[Task data]:

lemma Metzler_shift_scale_nonneg:
  fixes Q :: "real mat"
  assumes Q: "Q \<in> carrier_mat n n"
    and off_diag: "\<And>i j. i < n \<Longrightarrow> j < n \<Longrightarrow> i \<noteq> j \<Longrightarrow> Q $$ (i,j) \<ge> 0"
    and s: "s > (\<Sum>i<n. \<bar>Q $$ (i,i) - \<tau>\<bar>)" and "i < n" and "j < n"
  shows "(1\<^sub>m n + (1 / s) \<cdot>\<^sub>m (Q - \<tau> \<cdot>\<^sub>m 1\<^sub>m n)) $$ (i,j) \<ge> 0"
proof -
  have "0 \<le> (\<Sum>i<n. \<bar>Q $$ (i,i) - \<tau>\<bar>)"
    by (simp add: sum_nonneg)
  with s have "s > 0" by linarith
  show ?thesis
  proof (cases "i = j")
    case True
    have "\<bar>Q $$ (i,i) - \<tau>\<bar> \<le> (\<Sum>i<n. \<bar>Q $$ (i,i) - \<tau>\<bar>)"
      using \<open>i < n\<close> by (intro member_le_sum) auto
    then have "1 + (Q $$ (i,i) - \<tau>) / s \<ge> 0"
      using s \<open>s > 0\<close> by (simp add: field_simps)
    then show ?thesis
      using True \<open>i < n\<close> Q by (simp add: diff_divide_distrib)
  next
    case False
    then show ?thesis
      using assms \<open>s > 0\<close> by simp
  qed
qed

lemma Metzler_growth_le_spectral_bound:
  fixes Q :: "real mat" and \<tau> \<beta> :: real
  assumes Q: "Q \<in> carrier_mat n n"
    and off_diag: "\<And>i j. i < n \<Longrightarrow> j < n \<Longrightarrow> i \<noteq> j \<Longrightarrow> Q $$ (i,j) \<ge> 0"
    and left: "\<And>\<mu>. eigenvalue (map_mat complex_of_real Q) \<mu> \<Longrightarrow> Re \<mu> < \<tau>"
    and x: "x \<in> carrier_vec n" and x_nonneg: "\<And>i. i < n \<Longrightarrow> x $ i \<ge> 0"
    and "p < n" and "x $ p > 0"
    and growth: "\<And>i. i < n \<Longrightarrow> (Q *\<^sub>v x) $ i \<ge> \<beta> * x $ i"
  shows "\<beta> \<le> \<tau>"
proof -
  define Qc where "Qc = map_mat complex_of_real Q"
  have Qc: "Qc \<in> carrier_mat n n" using Q by (simp add: Qc_def)
  obtain s where s_diag: "s > (\<Sum>i<n. \<bar>Q $$ (i,i) - \<tau>\<bar>)" and "s > 0"
    and sr: "spectral_radius (1\<^sub>m n + complex_of_real (1 / s) \<cdot>\<^sub>m (Qc - complex_of_real \<tau> \<cdot>\<^sub>m 1\<^sub>m n)) < 1"
    using spectral_radius_shift_scale_less_1[OF Qc _ left[folded Qc_def]] \<open>p < n\<close> by auto
  define T where "T = 1\<^sub>m n + (1 / s) \<cdot>\<^sub>m (Q - \<tau> \<cdot>\<^sub>m 1\<^sub>m n)"
  have T: "T \<in> carrier_mat n n"
    unfolding T_def using Q by (intro add_carrier_mat smult_carrier_mat minus_carrier_mat) auto
  have "map_mat complex_of_real T = 1\<^sub>m n + complex_of_real (1 / s) \<cdot>\<^sub>m (Qc - complex_of_real \<tau> \<cdot>\<^sub>m 1\<^sub>m n)"
    using Q by (intro eq_matI) (auto simp: T_def Qc_def)
  with sr have sr_T: "spectral_radius (map_mat complex_of_real T) < 1"
    by simp
  have T_nonneg: "T $$ (i,j) \<ge> 0" if "i < n" "j < n" for i j
    unfolding T_def using Q off_diag s_diag that by (rule Metzler_shift_scale_nonneg)
  have growth_T: "(T *\<^sub>v x) $ i \<ge> (1 + (\<beta> - \<tau>) / s) * x $ i" if "i < n" for i
  proof -
    have "(1 + (\<beta> - \<tau>) / s) * x $ i \<le> x $ i + (1 / s) * ((Q *\<^sub>v x) $ i - \<tau> * x $ i)"
      using growth[OF that] \<open>s > 0\<close> by (simp add: field_simps)
    also have "\<dots> = (T *\<^sub>v x) $ i"
      unfolding T_def using index_shift_scale_mult_mat_vec[OF Q x that] by simp
    finally show ?thesis .
  qed
  have "1 + (\<beta> - \<tau>) / s \<le> 1"
    using nonneg_mat_growth_le_1[OF T T_nonneg sr_T x x_nonneg \<open>p < n\<close> \<open>x $ p > 0\<close> growth_T] .
  then show ?thesis
    using \<open>s > 0\<close> by (simp add: divide_le_0_iff)
qed

section \<open>The quotient of a cyclic union of cliques\<close>

definition clique_size :: "nat \<Rightarrow> (nat \<Rightarrow> nat) \<Rightarrow> nat \<Rightarrow> nat" where
  "clique_size h c l = card {j. j < h \<and> c j = l}"

definition cyclic_coupling :: "nat \<Rightarrow> real \<Rightarrow> real \<Rightarrow> nat \<Rightarrow> nat \<Rightarrow> real" where
  "cyclic_coupling m eps delta k l = (if k = l \<or> k = (l + 1) mod m then 1 - eps else 1 + delta)"

definition cyclic_quotient :: "nat \<Rightarrow> nat \<Rightarrow> (nat \<Rightarrow> nat) \<Rightarrow> real \<Rightarrow> real \<Rightarrow> real mat" where
  "cyclic_quotient h m c eps delta = mat m m (\<lambda>(k,l).
      real (clique_size h c l) * cyclic_coupling m eps delta k l + (if k = l then eps else 0))"

lemma legal_params_bounds:
  assumes "legal_params eps delta"
  shows "0 < eps" and "eps < delta" and "eps < 1"
proof -
  have "delta > 0" and "0 < eps" and bound: "eps * (delta + 1) < delta"
    using assms by (auto simp: legal_params_def field_simps)
  then show "0 < eps" by simp
  have "eps * delta > 0"
    using \<open>delta > 0\<close> \<open>0 < eps\<close> by simp
  with bound show "eps < delta"
    by (simp add: algebra_simps)
  have "eps * (delta + 1) < 1 * (delta + 1)"
    using bound by simp
  then show "eps < 1"
    using \<open>delta > 0\<close> by (simp only: mult_less_cancel_right)
qed

lemma clique_size_pos:
  assumes "cyclic_union_of_cliques h E m c" and "l < m"
  shows "clique_size h c l > 0"
proof -
  obtain i where "i < h" "c i = l"
    using assms unfolding cyclic_union_of_cliques_def by blast
  then show ?thesis
    unfolding clique_size_def by (auto simp: card_gt_0_iff)
qed

lemma sum_clique_size:
  assumes "\<And>i. i < h \<Longrightarrow> c i < m"
  shows "(\<Sum>l<m. clique_size h c l) = h"
proof -
  have "(\<Sum>l<m. clique_size h c l) = (\<Sum>l<m. \<Sum>j | j < h \<and> c j = l. 1)"
    by (simp add: clique_size_def)
  also have "\<dots> = (\<Sum>j<h. 1)"
    using sum.group[of "{..<h}" "{..<m}" c "\<lambda>_. 1::nat"] assms by auto
  finally show ?thesis by simp
qed

lemma ctln_I_minus_W_entry:
  assumes "cyclic_union_of_cliques h E m c" and "i < h" and "j < h"
  shows "(1\<^sub>m h - ctln_W h E eps delta) $$ (i,j)
    = cyclic_coupling m eps delta (c i) (c j) + (if i = j then eps else 0)"
  using assms by (auto simp: ctln_W_def cyclic_union_of_cliques_def cyclic_coupling_def)

lemma cyclic_quotient_block_sum:
  assumes cyc: "cyclic_union_of_cliques h E m c" and "i < h" and "l < m"
  shows "(\<Sum>j | j < h \<and> c j = l. (1\<^sub>m h - ctln_W h E eps delta) $$ (i,j))
    = cyclic_quotient h m c eps delta $$ (c i, l)"
proof -
  have "c i < m"
    using cyc \<open>i < h\<close> by (simp add: cyclic_union_of_cliques_def)
  have "(\<Sum>j | j < h \<and> c j = l. (1\<^sub>m h - ctln_W h E eps delta) $$ (i,j))
      = (\<Sum>j | j < h \<and> c j = l. cyclic_coupling m eps delta (c i) l + (if i = j then eps else 0))"
    using ctln_I_minus_W_entry[OF cyc \<open>i < h\<close>] by (intro sum.cong) auto
  also have "\<dots> = real (clique_size h c l) * cyclic_coupling m eps delta (c i) l
      + (if c i = l then eps else 0)"
    using \<open>i < h\<close> by (simp add: sum.distrib clique_size_def)
  also have "\<dots> = cyclic_quotient h m c eps delta $$ (c i, l)"
    using \<open>c i < m\<close> \<open>l < m\<close> by (simp add: cyclic_quotient_def)
  finally show ?thesis .
qed

lemma eigenvalue_cyclic_quotient:
  assumes cyc: "cyclic_union_of_cliques h E m c"
    and "eigenvalue (map_mat complex_of_real (cyclic_quotient h m c eps delta)) \<mu>"
  shows "eigenvalue (map_mat complex_of_real (1\<^sub>m h - ctln_W h E eps delta)) \<mu>"
proof (rule eigenvalue_of_equitable_quotient)
  fix i l assume "i < h" "l < m"
  then show "(\<Sum>j | j < h \<and> c j = l. map_mat complex_of_real (1\<^sub>m h - ctln_W h E eps delta) $$ (i,j))
      = map_mat complex_of_real (cyclic_quotient h m c eps delta) $$ (c i, l)"
    using cyc cyclic_quotient_block_sum[OF cyc, of i l eps delta, symmetric]
    by (simp add: ctln_W_def cyclic_quotient_def cyclic_union_of_cliques_def)
qed (use assms in \<open>auto simp: ctln_W_def cyclic_quotient_def cyclic_union_of_cliques_def\<close>)

lemma mat_trace_cyclic_quotient:
  assumes "cyclic_union_of_cliques h E m c"
  shows "mat_trace (cyclic_quotient h m c eps delta) = real m * eps + (1 - eps) * real h"
proof -
  have "mat_trace (cyclic_quotient h m c eps delta) = (\<Sum>l<m. eps + (1 - eps) * real (clique_size h c l))"
    by (simp add: mat_trace_def cyclic_quotient_def cyclic_coupling_def algebra_simps)
  also have "\<dots> = real m * eps + (1 - eps) * real h"
    using assms sum_clique_size[of h c m]
    by (simp add: sum.distrib sum_distrib_left[symmetric] cyclic_union_of_cliques_def flip: of_nat_sum)
  finally show ?thesis .
qed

[What is needed]:
Write down only how many lines in the listing contain the word "that".

[Task output]:
3